- _DATA IN THIS EXERCISE_:
lemma card_succeeds_near_le:
  assumes "finite Y" "Y \<subseteq> unit_sphere d" "0 \<le> r" "r \<le> sqrt (s / d)"
  shows "card {v \<in> scube d. succeeds d eps s Mf Rf X A v \<and> \<not> far_from d r (bob_output A v) Y}
    \<le> card Y * (2 * 2 ^ d * exp (- (d * (sqrt (s / d) - r)\<^sup>2) / 2))"
proof -
  let ?\<tau> = "sqrt (s / d) - r"
  let ?Near = "\<lambda>y. {v \<in> scube d. ?\<tau> \<le> \<bar>ip d v y\<bar>}"
  have near: "{v \<in> scube d. succeeds d eps s Mf Rf X A v \<and> \<not> far_from d r (bob_output A v) Y}
      \<subseteq> (\<Union>y\<in>Y. ?Near y)"
  proof safe
    fix v assume v: "v \<in> scube d" "succeeds d eps s Mf Rf X A v" "\<not> far_from d r (bob_output A v) Y"
    then obtain y where y: "y \<in> Y" "enorm d (\<lambda>i. bob_output A v i - y i) < r"
      by (auto simp: far_from_def not_le)
    have "\<bar>ip d v (bob_output A v) - ip d v y\<bar> \<le> enorm d v * enorm d (\<lambda>i. bob_output A v i - y i)"
      using abs_ip_le_enorm_mult[of d v "\<lambda>i. bob_output A v i - y i"] by (simp add: ip_diff_right)
    also have "\<dots> < r"
      using y(2) enorm_scube[OF dim_pos v(1)] by simp
    finally have "\<bar>ip d v (bob_output A v) - ip d v y\<bar> < r" .
    moreover have "sqrt (s / d) \<le> \<bar>ip d v (bob_output A v)\<bar>"
      using v(2) by (simp add: succeeds_def bob_output_def Let_def)
    ultimately have "?\<tau> \<le> \<bar>ip d v y\<bar>"
      using abs_triangle_ineq2[of "ip d v (bob_output A v)" "ip d v y"] by linarith
    then show "v \<in> (\<Union>y\<in>Y. ?Near y)"
      using y(1) v(1) by blast
  qed
  have "card {v \<in> scube d. succeeds d eps s Mf Rf X A v \<and> \<not> far_from d r (bob_output A v) Y}
      \<le> (\<Sum>y\<in>Y. card (?Near y))"
    by (rule order_trans[OF card_mono[OF _ near] card_UN_le[OF assms(1)]]) (simp add: finite_scube assms(1))
  then have "real (card {v \<in> scube d. succeeds d eps s Mf Rf X A v \<and> \<not> far_from d r (bob_output A v) Y})
      \<le> (\<Sum>y\<in>Y. real (card (?Near y)))"
    unfolding of_nat_sum[symmetric] by (rule of_nat_mono)
  also have "\<dots> \<le> (\<Sum>y\<in>Y. 2 * 2 ^ d * exp (- (d * ?\<tau>\<^sup>2) / 2))"
    using assms dim_pos sum_square_unit_sphere
    by (intro sum_mono card_scube_abs_ip_ge_le) auto
  finally show ?thesis
    by simp
qed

- _EXERCISE INSTRUCTIONS_: For the word "dots", show every line of the entries that holds it.

- _WRITTEN REPLY_:
    also have "\<dots> < r"
  also have "\<dots> \<le> (\<Sum>y\<in>Y. 2 * 2 ^ d * exp (- (d * ?\<tau>\<^sup>2) / 2))"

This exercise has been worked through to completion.